- AIM OF THE TASK -
Restate the data exactly, with nothing altered.

- INFORMATION PROVIDED -
(* Let $U\subset\mathbb C$ be a convex domain bounded by a smooth Jordan curve, and let $f$ be holomorphic in a neighborhood of $\overline U$ with $\operatorname{Re}(f')>0$ in $U$ and $f(z)\ne z$ for all $z\in\partial U$. Let $\omega_f$ be the Buff form of $f$. For $z\in U\cap f^{-1}(U)$ with $f(z)\ne z$ and $0\le t\le1$ let $z_t=(1-t)z+tf(z)$ and $$u_{f,t}(z)=-t+\int_{[z,z_t]}\omega_f(s)\,ds.$$ Suppose $p\in U$ is a fixed point of $f$ with $f'(p)=1$ and fixed point multiplicity $q+1\ge2$. Then for every $0<\epsilon<1$ there is $r>0$ such that $|u_{f,t}(z)|<\epsilon t$ for all $z\in\mathbb D(p,r)$ with $f(z)\ne z$ and all $0<t\le1$. Consequently, if $z\in\mathbb D(p,r)$ is not fixed by $f$, the curve $t\mapsto z_t$ parametrizing $[z,f(z)]$ lifts under the rectifying coordinate $\phi_f$ to a curve $t\mapsto Z_t$ satisfying $|Z_t-(Z_0+t)|<\epsilon t$ for $0<t\le 1$.
   Context: $\operatorname{Log}$ is the principal branch of the logarithm. The Buff form of $f$ is $\omega_f=\frac{f'(z)-1}{(f(z)-z)\operatorname{Log} f'(z)}\,dz$ (the factor $(f'-1)/\operatorname{Log}f'$ being $1$ where $f'=1$), meromorphic with poles at fixed points of $f$. The rectifying coordinate $\phi_f$ is the multi-valued primitive of $\omega_f$; a lift of a curve avoiding fixed points is obtained by analytic continuation of a branch of $\phi_f$ along it, so $Z_t=Z_0+\int_{[z,z_t]}\omega_f$. The segment $[z,f(z)]$ contains no fixed point of $f$ when $z\in U\cap f^{-1}(U)$ is not fixed. *)

theory Defs
  imports "HOL-Complex_Analysis.Complex_Analysis"
begin

definition vderiv :: "(real \<Rightarrow> complex) \<Rightarrow> real \<Rightarrow> complex" where
  "vderiv g = (\<lambda>t. vector_derivative g (at t))"

definition smooth_jordan_boundary :: "complex set \<Rightarrow> bool" where
  "smooth_jordan_boundary U \<longleftrightarrow>
     (\<exists>g :: real \<Rightarrow> complex.
        (\<forall>n t. (vderiv ^^ n) g differentiable (at t)) \<and>
        (\<forall>t. vderiv g t \<noteq> 0) \<and>
        (\<forall>t. g (t + 1) = g t) \<and>
        inj_on g {0..<1} \<and>
        g ` {0..1} = frontier U)"

definition buff_factor :: "complex \<Rightarrow> complex" where
  "buff_factor w = (if w = 1 then 1 else (w - 1) / Ln w)"

text \<open>Coefficient of the Buff form omega_f = buff_form f z dz.\<close>
definition buff_form :: "(complex \<Rightarrow> complex) \<Rightarrow> complex \<Rightarrow> complex" where
  "buff_form f z = buff_factor (deriv f z) / (f z - z)"

definition seg_pt :: "(complex \<Rightarrow> complex) \<Rightarrow> complex \<Rightarrow> real \<Rightarrow> complex" where
  "seg_pt f z t = (1 - of_real t) * z + of_real t * f z"

definition u_ft :: "(complex \<Rightarrow> complex) \<Rightarrow> real \<Rightarrow> complex \<Rightarrow> complex" where
  "u_ft f t z = - of_real t + contour_integral (linepath z (seg_pt f z t)) (buff_form f)"

text \<open>Z is a lift of the curve gamma on [0,1] under the (multivalued) primitive of
 the form omega = w(z) dz: Z is continuous and near each parameter it agrees with
 a local holomorphic branch of a primitive of w composed with gamma
 (i.e. Z is obtained by analytic continuation of a branch along gamma).\<close>
definition is_lift :: "(complex \<Rightarrow> complex) \<Rightarrow> (real \<Rightarrow> complex) \<Rightarrow> (real \<Rightarrow> complex) \<Rightarrow> bool" where
  "is_lift w \<gamma> Z \<longleftrightarrow> continuous_on {0..1} Z \<and>
     (\<forall>t\<in>{0..1}. \<exists>V \<Phi>. open V \<and> \<gamma> t \<in> V \<and>
        (\<forall>y\<in>V. (\<Phi> has_field_derivative w y) (at y)) \<and>
        (\<exists>e>0. \<forall>s\<in>{0..1}. \<bar>s - t\<bar> < e \<longrightarrow> \<gamma> s \<in> V \<and> Z s = \<Phi> (\<gamma> s)))"

end

theory Submission
  imports Defs
begin

(* Near the parabolic fixed point p we have f' close to 1, hence (f' - 1) / Log f' close to 1,
   and the displacement g x = f x - x is Lipschitz with a small constant. On the segment
   [z, f z], whose length is |g z|, the displacement therefore stays close to g z, so the Buff
   form is uniformly close to dz / g z there; integrating over [z, z_t], of length t |g z|,
   gives t up to an error that is small compared with t. The same estimate shows that g has no
   zero on a convex neighbourhood of the segment, where the Buff form thus has a holomorphic
   primitive; every lift of t |-> z_t differs from this primitive by a constant, so
   Z_t - Z_0 - t = u_{f,t}(z). *)

lemma tendsto_buff_factor_1: "(buff_factor \<longlongrightarrow> 1) (at 1)"
proof -
  have "(Ln has_field_derivative 1) (at 1)"
    using has_field_derivative_Ln[of 1] by simp
  then have "((\<lambda>w. Ln w / (w - 1)) \<longlongrightarrow> 1) (at 1)"
    by (simp add: has_field_derivative_iff)
  then have "((\<lambda>w. inverse (Ln w / (w - 1))) \<longlongrightarrow> inverse 1) (at 1)"
    by (intro tendsto_inverse) auto
  then have "((\<lambda>w. inverse (Ln w / (w - 1))) \<longlongrightarrow> 1) (at 1)"
    by simp
  moreover have "\<forall>\<^sub>F w in at 1. inverse (Ln w / (w - 1)) = buff_factor w"
    by (auto simp: eventually_at_filter buff_factor_def)
  ultimately show ?thesis
    by (rule Lim_transform_eventually)
qed

lemma buff_factor_holomorphic: "buff_factor holomorphic_on - \<real>\<^sub>\<le>\<^sub>0"
proof (rule no_isolated_singularity'[where K = "{1}"])
  show "(buff_factor \<longlongrightarrow> buff_factor w) (at w within - \<real>\<^sub>\<le>\<^sub>0)" if "w \<in> {1}" for w
    using that tendsto_within_subset[OF tendsto_buff_factor_1] by (simp add: buff_factor_def)
  have "Ln w \<noteq> 0" if "w \<noteq> 1" "w \<notin> \<real>\<^sub>\<le>\<^sub>0" for w
  proof
    assume "Ln w = 0"
    have "w \<noteq> 0"
      using that(2) by auto
    then have "w = exp (Ln w)"
      by simp
    with \<open>Ln w = 0\<close> that(1) show False
      by simp
  qed
  then have "(\<lambda>w. (w - 1) / Ln w) holomorphic_on - \<real>\<^sub>\<le>\<^sub>0 - {1}"
    by (intro holomorphic_intros) auto
  then show "buff_factor holomorphic_on - \<real>\<^sub>\<le>\<^sub>0 - {1}"
    by (rule holomorphic_transform) (auto simp: buff_factor_def)
qed (auto simp: open_Compl)

lemma not_nonpos_Reals_if_norm_sub_1_less:
  fixes w :: complex
  assumes "norm (w - 1) < 1"
  shows "w \<notin> \<real>\<^sub>\<le>\<^sub>0"
proof
  assume "w \<in> \<real>\<^sub>\<le>\<^sub>0"
  then have "1 \<le> \<bar>Re (w - 1)\<bar>"
    by (simp add: complex_nonpos_Reals_iff)
  then show False
    using assms abs_Re_le_cmod[of "w - 1"] by linarith
qed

- ANSWER TO THE EXERCISE -
(* Let $U\subset\mathbb C$ be a convex domain bounded by a smooth Jordan curve, and let $f$ be holomorphic in a neighborhood of $\overline U$ with $\operatorname{Re}(f')>0$ in $U$ and $f(z)\ne z$ for all $z\in\partial U$. Let $\omega_f$ be the Buff form of $f$. For $z\in U\cap f^{-1}(U)$ with $f(z)\ne z$ and $0\le t\le1$ let $z_t=(1-t)z+tf(z)$ and $$u_{f,t}(z)=-t+\int_{[z,z_t]}\omega_f(s)\,ds.$$ Suppose $p\in U$ is a fixed point of $f$ with $f'(p)=1$ and fixed point multiplicity $q+1\ge2$. Then for every $0<\epsilon<1$ there is $r>0$ such that $|u_{f,t}(z)|<\epsilon t$ for all $z\in\mathbb D(p,r)$ with $f(z)\ne z$ and all $0<t\le1$. Consequently, if $z\in\mathbb D(p,r)$ is not fixed by $f$, the curve $t\mapsto z_t$ parametrizing $[z,f(z)]$ lifts under the rectifying coordinate $\phi_f$ to a curve $t\mapsto Z_t$ satisfying $|Z_t-(Z_0+t)|<\epsilon t$ for $0<t\le 1$.
   Context: $\operatorname{Log}$ is the principal branch of the logarithm. The Buff form of $f$ is $\omega_f=\frac{f'(z)-1}{(f(z)-z)\operatorname{Log} f'(z)}\,dz$ (the factor $(f'-1)/\operatorname{Log}f'$ being $1$ where $f'=1$), meromorphic with poles at fixed points of $f$. The rectifying coordinate $\phi_f$ is the multi-valued primitive of $\omega_f$; a lift of a curve avoiding fixed points is obtained by analytic continuation of a branch of $\phi_f$ along it, so $Z_t=Z_0+\int_{[z,z_t]}\omega_f$. The segment $[z,f(z)]$ contains no fixed point of $f$ when $z\in U\cap f^{-1}(U)$ is not fixed. *)

theory Defs
  imports "HOL-Complex_Analysis.Complex_Analysis"
begin

definition vderiv :: "(real \<Rightarrow> complex) \<Rightarrow> real \<Rightarrow> complex" where
  "vderiv g = (\<lambda>t. vector_derivative g (at t))"

definition smooth_jordan_boundary :: "complex set \<Rightarrow> bool" where
  "smooth_jordan_boundary U \<longleftrightarrow>
     (\<exists>g :: real \<Rightarrow> complex.
        (\<forall>n t. (vderiv ^^ n) g differentiable (at t)) \<and>
        (\<forall>t. vderiv g t \<noteq> 0) \<and>
        (\<forall>t. g (t + 1) = g t) \<and>
        inj_on g {0..<1} \<and>
        g ` {0..1} = frontier U)"

definition buff_factor :: "complex \<Rightarrow> complex" where
  "buff_factor w = (if w = 1 then 1 else (w - 1) / Ln w)"

text \<open>Coefficient of the Buff form omega_f = buff_form f z dz.\<close>
definition buff_form :: "(complex \<Rightarrow> complex) \<Rightarrow> complex \<Rightarrow> complex" where
  "buff_form f z = buff_factor (deriv f z) / (f z - z)"

definition seg_pt :: "(complex \<Rightarrow> complex) \<Rightarrow> complex \<Rightarrow> real \<Rightarrow> complex" where
  "seg_pt f z t = (1 - of_real t) * z + of_real t * f z"

definition u_ft :: "(complex \<Rightarrow> complex) \<Rightarrow> real \<Rightarrow> complex \<Rightarrow> complex" where
  "u_ft f t z = - of_real t + contour_integral (linepath z (seg_pt f z t)) (buff_form f)"

text \<open>Z is a lift of the curve gamma on [0,1] under the (multivalued) primitive of
 the form omega = w(z) dz: Z is continuous and near each parameter it agrees with
 a local holomorphic branch of a primitive of w composed with gamma
 (i.e. Z is obtained by analytic continuation of a branch along gamma).\<close>
definition is_lift :: "(complex \<Rightarrow> complex) \<Rightarrow> (real \<Rightarrow> complex) \<Rightarrow> (real \<Rightarrow> complex) \<Rightarrow> bool" where
  "is_lift w \<gamma> Z \<longleftrightarrow> continuous_on {0..1} Z \<and>
     (\<forall>t\<in>{0..1}. \<exists>V \<Phi>. open V \<and> \<gamma> t \<in> V \<and>
        (\<forall>y\<in>V. (\<Phi> has_field_derivative w y) (at y)) \<and>
        (\<exists>e>0. \<forall>s\<in>{0..1}. \<bar>s - t\<bar> < e \<longrightarrow> \<gamma> s \<in> V \<and> Z s = \<Phi> (\<gamma> s)))"

end

theory Submission
  imports Defs
begin

(* Near the parabolic fixed point p we have f' close to 1, hence (f' - 1) / Log f' close to 1,
   and the displacement g x = f x - x is Lipschitz with a small constant. On the segment
   [z, f z], whose length is |g z|, the displacement therefore stays close to g z, so the Buff
   form is uniformly close to dz / g z there; integrating over [z, z_t], of length t |g z|,
   gives t up to an error that is small compared with t. The same estimate shows that g has no
   zero on a convex neighbourhood of the segment, where the Buff form thus has a holomorphic
   primitive; every lift of t |-> z_t differs from this primitive by a constant, so
   Z_t - Z_0 - t = u_{f,t}(z). *)

lemma tendsto_buff_factor_1: "(buff_factor \<longlongrightarrow> 1) (at 1)"
proof -
  have "(Ln has_field_derivative 1) (at 1)"
    using has_field_derivative_Ln[of 1] by simp
  then have "((\<lambda>w. Ln w / (w - 1)) \<longlongrightarrow> 1) (at 1)"
    by (simp add: has_field_derivative_iff)
  then have "((\<lambda>w. inverse (Ln w / (w - 1))) \<longlongrightarrow> inverse 1) (at 1)"
    by (intro tendsto_inverse) auto
  then have "((\<lambda>w. inverse (Ln w / (w - 1))) \<longlongrightarrow> 1) (at 1)"
    by simp
  moreover have "\<forall>\<^sub>F w in at 1. inverse (Ln w / (w - 1)) = buff_factor w"
    by (auto simp: eventually_at_filter buff_factor_def)
  ultimately show ?thesis
    by (rule Lim_transform_eventually)
qed

lemma buff_factor_holomorphic: "buff_factor holomorphic_on - \<real>\<^sub>\<le>\<^sub>0"
proof (rule no_isolated_singularity'[where K = "{1}"])
  show "(buff_factor \<longlongrightarrow> buff_factor w) (at w within - \<real>\<^sub>\<le>\<^sub>0)" if "w \<in> {1}" for w
    using that tendsto_within_subset[OF tendsto_buff_factor_1] by (simp add: buff_factor_def)
  have "Ln w \<noteq> 0" if "w \<noteq> 1" "w \<notin> \<real>\<^sub>\<le>\<^sub>0" for w
  proof
    assume "Ln w = 0"
    have "w \<noteq> 0"
      using that(2) by auto
    then have "w = exp (Ln w)"
      by simp
    with \<open>Ln w = 0\<close> that(1) show False
      by simp
  qed
  then have "(\<lambda>w. (w - 1) / Ln w) holomorphic_on - \<real>\<^sub>\<le>\<^sub>0 - {1}"
    by (intro holomorphic_intros) auto
  then show "buff_factor holomorphic_on - \<real>\<^sub>\<le>\<^sub>0 - {1}"
    by (rule holomorphic_transform) (auto simp: buff_factor_def)
qed (auto simp: open_Compl)

lemma not_nonpos_Reals_if_norm_sub_1_less:
  fixes w :: complex
  assumes "norm (w - 1) < 1"
  shows "w \<notin> \<real>\<^sub>\<le>\<^sub>0"
proof
  assume "w \<in> \<real>\<^sub>\<le>\<^sub>0"
  then have "1 \<le> \<bar>Re (w - 1)\<bar>"
    by (simp add: complex_nonpos_Reals_iff)
  then show False
    using assms abs_Re_le_cmod[of "w - 1"] by linarith
qed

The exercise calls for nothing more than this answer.